Cummings was sensational on the day, as he opened the score summary with a firm drive from inside the box before notching his second with a powerful free kick that took a cruel deflection off the wall.
It was Mexico’s only loss of the tournament and, ironically, sealed Haiti’s place atop the group. Verity returned to England before the final fixture, which Trinidad and Tobago won 4-0 against the Netherland Antilles with a David hattrick.
Once more, Trinidad and Tobago’s individual skill caught the eye of Concacaf’s judges as Cummings was named the confederation’s best player.
As a parting gift, Verity arranged a trial for David in the English First Division and he was offered a contract Leicester City. He turned them down for a brief stint with then Mexico top flight club, San Luis FC, before he joined Archibald and Selris Figaro at Miami Toros.
But the memory of Haiti would haunt the ‘Classic Team’ for years to come.
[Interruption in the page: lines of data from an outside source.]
lemma card_nbrs_in_spread_C1_of_C1:
  assumes U: "U \<in> C1" and V0: "V0 \<in> S" "vec.dim (U \<inter> V0) = 2"
  shows "card (grassmann_nbrs U (S \<union> C1)) = (num_3spaces_over_plane CARD('a) CARD('n) - 1)
    + (CARD('a)\<^sup>2 + CARD('a)) * (CARD('a) * CARD('a) + 2 * CARD('a))"
proof -
  let ?planes = "subspaces_between 2 {0} U" and ?P0 = "U \<inter> V0"
  let ?c = "\<lambda>P. card (grassmann_nbrs_via P U (S \<union> C1))"
  have U3: "U \<in> ksubspaces 3" using U C1_ksubspace by blast
  have P0: "?P0 \<in> ?planes" "?P0 \<in> subspaces_between 2 {0} V0"
    using V0(2) U3 spread_ksubspace[OF V0(1)] vec.subspace_inter[of U V0] vec.subspace_0[of U] vec.subspace_0[of V0]
    by auto
  have "card (grassmann_nbrs U (S \<union> C1)) = ?c ?P0 + (\<Sum>P\<in>?planes - {?P0}. ?c P)"
    using card_grassmann_nbrs_eq_sum[OF U3] sum.remove[OF _ P0(1), of ?c] by simp
  also have "?c ?P0 = num_3spaces_over_plane CARD('a) CARD('n) - 1"
    using nbrs_via_spread_plane[OF V0(1) P0(2)] card_grassmann_nbrs_via_UNIV[OF U3 P0(1)] by simp
  also have "(\<Sum>P\<in>?planes - {?P0}. ?c P) = (CARD('a)\<^sup>2 + CARD('a)) * (CARD('a) * CARD('a) + 2 * CARD('a))"
    using card_nbrs_via_other_plane[OF U V0] card_planes_of_3space[of U] U3 P0(1)
    by (simp add: card_Diff_singleton)
  finally show ?thesis .
qed

lemma ex_C1:
  assumes "6 \<le> CARD('n)"
  obtains U V0 where "U \<in> C1" "V0 \<in> S" "vec.dim (U \<inter> V0) = 2"
proof -
  obtain x :: "'a ^ 'n" where x: "x \<noteq> 0"
    using ex_nonzero_if_dim_pos[of "UNIV :: ('a ^ 'n) set"] by (auto simp: card_cart_basis)
  obtain V0 where V0: "V0 \<in> S" using spread_covers[OF x] by blast
  then have "card (subspaces_between 2 {0} V0) \<noteq> 0"
    using card_planes_of_3space[of V0] spread_ksubspace by simp
  then obtain P0 where P0: "P0 \<in> subspaces_between 2 {0} V0" by (metis card.empty ex_in_conv)
  then have "1 < card (subspaces_between 3 P0 UNIV)"
    using card_3spaces_over_plane[of P0] succ_sq_less_num_3spaces_over_plane[OF two_le_card_field[where 'a='a] assms]
    by simp
  then have "\<not> subspaces_between 3 P0 UNIV \<subseteq> {V0}"
    using card_mono[of "{V0}" "subspaces_between 3 P0 UNIV"] by auto
  then obtain W where W: "W \<in> subspaces_between 3 P0 UNIV" "W \<noteq> V0" by blast
  have W3: "W \<in> ksubspaces 3" "P0 \<subseteq> W" using W(1) by simp_all
  have "W \<notin> S"
  proof
    assume "W \<in> S"
    then show False
      using spread_eq_if_common_subspace[OF _ V0, of W P0] W(2) W3(2) P0 by simp
  qed
  moreover have "vec.dim (W \<inter> V0) = 2"
    using dim_Int_spread_eq_2_if_plane[OF W3(1) calculation V0 W3(2)] P0 by simp
  ultimately show ?thesis using that W3(1) V0 unfolding C1_def by blast
qed

lemma C2_nonempty:
  assumes "6 \<le> CARD('n)"
  shows "C2 \<noteq> {}"
proof -
  let ?q = "CARD('a)" and ?K = "num_3spaces_over_plane CARD('a) CARD('n)"
  obtain U V0 where U: "U \<in> C1" "V0 \<in> S" "vec.dim (U \<inter> V0) = 2" using ex_C1[OF assms] .
  have U3: "U \<in> ksubspaces 3" using U(1) C1_ksubspace by blast
  have "?q * ?q + 2 * ?q < ?K - 1"
    using succ_sq_less_num_3spaces_over_plane[OF two_le_card_field[where 'a='a] assms] by (simp add: algebra_simps)
  then have "(?q\<^sup>2 + ?q) * (?q * ?q + 2 * ?q) < (?q\<^sup>2 + ?q) * (?K - 1)"
    using two_le_card_field[where 'a='a] by (intro mult_strict_left_mono) auto
  then have "card (grassmann_nbrs U (S \<union> C1)) < card (grassmann_nbrs U UNIV)"
    using card_nbrs_in_spread_C1_of_C1[OF U] card_grassmann_nbrs_UNIV[OF U3]
    by (simp add: grassmann_degree_def algebra_simps)
  then have "\<not> grassmann_nbrs U UNIV \<subseteq> grassmann_nbrs U (S \<union> C1)"
    by (metis card_mono finite leD)
  then show ?thesis unfolding C2_def grassmann_nbrs_def by blast
qed

section \<open>The distance partition of a spread\<close>

abbreviation dist_ball :: "nat \<Rightarrow> ('a ^ 'n) set set" where
  "dist_ball i \<equiv> ball_set (ksubspaces 3) (grassmann_adj 3) S i"

abbreviation dist_layer :: "nat \<Rightarrow> ('a ^ 'n) set set" where
  "dist_layer i \<equiv> layer (ksubspaces 3) (grassmann_adj 3) S i"

declare ball_set.simps [simp del] layer.simps [simp del]

lemma ksubspaces_eq_Un: "ksubspaces 3 = S \<union> C1 \<union> C2"
  using spread_ksubspace C1_ksubspace unfolding C2_def by blast

lemma dist_ball_Suc: "dist_ball (Suc i) = dist_ball i \<union> {W \<in> ksubspaces 3. \<exists>U\<in>dist_ball i. grassmann_adj 3 U W}"
  by (rule ball_set.simps(2))

lemma dist_ball_0: "dist_ball 0 = S"
  using spread_ksubspace by (auto simp: ball_set.simps(1))

lemma dist_ball_1: "dist_ball 1 = S \<union> C1"
proof -
  have "{W \<in> ksubspaces 3. \<exists>U\<in>S. grassmann_adj 3 U W} = C1"
  proof
    show "{W \<in> ksubspaces 3. \<exists>U\<in>S. grassmann_adj 3 U W} \<subseteq> C1"
    proof clarify
      fix W U assume W: "W \<in> ksubspaces 3" and U: "U \<in> S" "grassmann_adj 3 U W"
      then have "W \<in> grassmann_nbrs U UNIV" "vec.dim (W \<inter> U) = 2"
        unfolding grassmann_adj_def grassmann_nbrs_def by (simp_all add: Int_commute)
      then show "W \<in> C1"
        unfolding C1_def using W U(1) nbrs_in_spread_of_spread[OF U(1)]
        by (auto simp: grassmann_nbrs_def)
    qed
    show "C1 \<subseteq> {W \<in> ksubspaces 3. \<exists>U\<in>S. grassmann_adj 3 U W}"
    proof
      fix W assume W: "W \<in> C1"
      then obtain U where "U \<in> S" "vec.dim (W \<inter> U) = 2" unfolding C1_def by blast
      then have "grassmann_adj 3 U W"
        using W C1_ksubspace spread_ksubspace unfolding grassmann_adj_def by (auto simp: Int_commute)
      then show "W \<in> {W \<in> ksubspaces 3. \<exists>U\<in>S. grassmann_adj 3 U W}"
        using W C1_ksubspace \<open>U \<in> S\<close> by blast
    qed
  qed
  then show ?thesis using dist_ball_Suc[of 0] dist_ball_0 by (simp add: One_nat_def)
qed

lemma dist_ball_2: "dist_ball 2 = ksubspaces 3"
proof -
  have dist_ball_2_eq: "dist_ball 2 = (S \<union> C1) \<union> {W \<in> ksubspaces 3. \<exists>U\<in>S \<union> C1. grassmann_adj 3 U W}"
    using dist_ball_Suc[of 1] unfolding dist_ball_1 by (simp only: Suc_1)
  have C2_in: "W \<in> dist_ball 2" if W: "W \<in> C2" for W
  proof -
    have "grassmann_nbrs W C1 \<noteq> {}" using card_nbrs_in_C1_of_C2[OF W] by auto
    then obtain U where U: "U \<in> C1" "vec.dim (W \<inter> U) = 2"
      unfolding grassmann_nbrs_def by blast
    then have "grassmann_adj 3 U W" using W C1_ksubspace
      unfolding C2_def grassmann_adj_def by (auto simp: Int_commute)
    then show ?thesis unfolding dist_ball_2_eq using W U(1) unfolding C2_def by blast
  qed
  show ?thesis
  proof
    show "dist_ball 2 \<subseteq> ksubspaces 3"
      unfolding dist_ball_2_eq using spread_ksubspace C1_ksubspace by blast
    show "ksubspaces 3 \<subseteq> dist_ball 2"
    proof
      fix W :: "('a ^ 'n) set" assume "W \<in> ksubspaces 3"
      then have "W \<in> S \<union> C1 \<union> C2" using ksubspaces_eq_Un by blast
      then show "W \<in> dist_ball 2" using C2_in unfolding dist_ball_2_eq by blast
    qed
  qed
qed

lemma dist_ball_ge_2: "2 \<le> i \<Longrightarrow> dist_ball i = ksubspaces 3"
proof (induction i rule: dec_induct)
  case (step i)
  then show ?case unfolding dist_ball_Suc by blast
qed (rule dist_ball_2)

lemma dist_layer_eq: "dist_layer i = (if i = 0 then S else if i = 1 then C1 else if i = 2 then C2 else {})"
proof -
  have layer_Suc: "dist_layer (Suc k) = dist_ball (Suc k) - dist_ball k" for k
    by (rule layer.simps(2))
  consider "i = 0" | "i = 1" | "i = 2" | k where "i = Suc k" "2 \<le> k"
    by (metis One_nat_def Suc_1 not_less_eq_eq le0 le_antisym not0_implies_Suc)
  then show ?thesis
  proof cases
    case 1
    then show ?thesis using spread_ksubspace by (auto simp: layer.simps(1))
  next
    case 2
    then show ?thesis
      using layer_Suc[of 0] dist_ball_0 dist_ball_1 C1_disjoint_spread by (auto simp: One_nat_def)
  next
    case 3
    then show ?thesis
      using layer_Suc[of 1] dist_ball_1 dist_ball_2 unfolding C2_def by (auto simp: numeral_2_eq_2)
  next
    case 4
    then show ?thesis using layer_Suc[of k] dist_ball_ge_2[of k] dist_ball_ge_2[of "Suc k"] by simp
  qed
qed

lemma card_nbrs_UNIV_split:
  "card (grassmann_nbrs U UNIV) = card (grassmann_nbrs U S) + card (grassmann_nbrs U C1) + card (grassmann_nbrs U C2)"
proof -
  have "grassmann_nbrs U UNIV = grassmann_nbrs U ((S \<union> C1) \<union> C2)"
    using ksubspaces_eq_Un unfolding grassmann_nbrs_def by auto
  moreover have "(S \<union> C1) \<inter> C2 = {}" "S \<inter> C1 = {}"
    using C1_disjoint_spread unfolding C2_def by auto
  ultimately show ?thesis by (simp add: card_grassmann_nbrs_Un)
qed

lemma card_nbrs_of_spread:
  assumes "U \<in> S"
  shows "card (grassmann_nbrs U S) = 0"
    and "card (grassmann_nbrs U C1) = grassmann_degree CARD('a) CARD('n)"
  using nbrs_in_spread_of_spread[OF assms] nbrs_in_C1_of_spread[OF assms]
    card_grassmann_nbrs_UNIV spread_ksubspace[OF assms] by simp_all

lemma card_nbrs_of_C1:
  assumes "U \<in> C1"
  defines "c \<equiv> (num_3spaces_over_plane CARD('a) CARD('n) - 1)
    + (CARD('a)\<^sup>2 + CARD('a)) * (CARD('a) * CARD('a) + 2 * CARD('a))"
  shows "card (grassmann_nbrs U S) = 1"
    and "card (grassmann_nbrs U C1) = c - 1"
    and "card (grassmann_nbrs U C2) = grassmann_degree CARD('a) CARD('n) - c"
proof -
  obtain V0 where V0: "V0 \<in> S" "vec.dim (U \<inter> V0) = 2" using assms(1) unfolding C1_def by blast
  show S_nbrs: "card (grassmann_nbrs U S) = 1" using nbrs_in_spread_of_C1[OF assms(1) V0] by simp
  have "card (grassmann_nbrs U (S \<union> C1)) = c"
    using card_nbrs_in_spread_C1_of_C1[OF assms(1) V0] unfolding c_def .
  then show "card (grassmann_nbrs U C1) = c - 1"
    using S_nbrs card_grassmann_nbrs_Un[OF C1_disjoint_spread] by simp
  show "card (grassmann_nbrs U C2) = grassmann_degree CARD('a) CARD('n) - c"
    using card_nbrs_UNIV_split[of U] card_grassmann_nbrs_UNIV[of U] assms(1) C1_ksubspace
      \<open>card (grassmann_nbrs U (S \<union> C1)) = c\<close> card_grassmann_nbrs_Un[OF C1_disjoint_spread]
    by auto
qed

lemma card_nbrs_of_C2:
  assumes "U \<in> C2"
  defines "c \<equiv> (CARD('a)\<^sup>2 + CARD('a) + 1) * ((CARD('a) + 1) * (CARD('a) + 1))"
  shows "card (grassmann_nbrs U C1) = c"
    and "card (grassmann_nbrs U C2) = grassmann_degree CARD('a) CARD('n) - c"
proof -
  show "card (grassmann_nbrs U C1) = c" using card_nbrs_in_C1_of_C2[OF assms(1)] unfolding c_def .
  then show "card (grassmann_nbrs U C2) = grassmann_degree CARD('a) CARD('n) - c"
    using card_nbrs_UNIV_split[of U] card_grassmann_nbrs_UNIV[of U] nbrs_in_spread_of_C2[OF assms(1)]
      assms(1) unfolding C2_def by simp
qed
Still, Trinidad and Tobago had finally announced their presence to their North and Central American neighbours while the dubious defeat to Haiti meant worldwide recognition and sympathy.
Perhaps they would go one step further in 1978.
(1974 World Cup qualifiers)
(10 November 1972)
T&T 11 (Sammy Llewellyn (3), Steve David (3), Leroy Spann (2), Raymond Roberts (2), Leo Brewster), Antigua & Barbuda 1 at King George V Park, Port of Spain, 6,510 (attendance)
(19 November 1972)
Antigua & Barbuda 1, T&T 2 (Sammy Llewellyn, Steve David) at St John’s Recreation Ground, 2,750
(28 November 1972)
T&T 2 (Leo Brewster, Raymond Roberts), Surinam 1 at Queen’s Park Oval, Port of Spain, 7,964
(30 November 1972)
T&T 1 (Steve David), Surinam 1 at Skinner Park, San Fernando, 9,276
(29 November 1973)
Honduras 2, T&T 1 (Steve David) at Stade Sylvio Cator, Port-au-Prince, 12,816
(4 December 1973)
Haiti 2, T&T 1 (Steve David) at Stade Sylvio Cator, Port-au-Prince, 12,816
(10 December 1973)
T&T 1 (Steve David), Guatemala 0 at Stade Sylvio Cator, Port-au-Prince, 15,361
(14 December 1973)
T&T 4 (Everald Cummings (2), Steve David, Warren Archibald), Mexico 0 at Stade Sylvio Cator, Port-au-Prince, 15,361
(17 December 1973)
T&T 4 (Steve David (3), Siegfried Brunken Own Goal), Netherlands Antilles at Stade Sylvio Cator, Port-au-Prince, 17,358
For your information:
Trinidad and Tobago used a 4-3-3 formation for the final qualifying phase although it was altered to a 4-1-3-2 for a crucial fixture with Mexico.
Coach Kevin Verity began the final round with Kelvin Barclay in goal guarded by four central defenders, due to a dearth of quality full backs at the time. Lawrence Rondon and Winston Phillips played at right and left back respectively with Selris Figaro and Russell Tesheira in the middle.
In midfield, Everald ‘Gally’ Cummings had playmaking responsibility with Dennis Morgan and either Leon Carpette or Anthony Douglas providing muscle in the centre of the park while Steve David started at centre forward with Warren Archibald to his left and either free kick specialist Ray Roberts or Leo Brewster tucking in alongside him to his right.
Steve David’s haul of 12 qualifying goals set a new national record which stood for 32 years until Stern John matched him in Trinidad and Tobago’s successful 2006 World Cup campaign. David managed 12 goals from 9 fixtures while it took John 18 games to pull level.
Gally Cummings was the second Trinidad and Tobago player to be named MVP in a Concacaf series, after Leroy De Leon in 1970.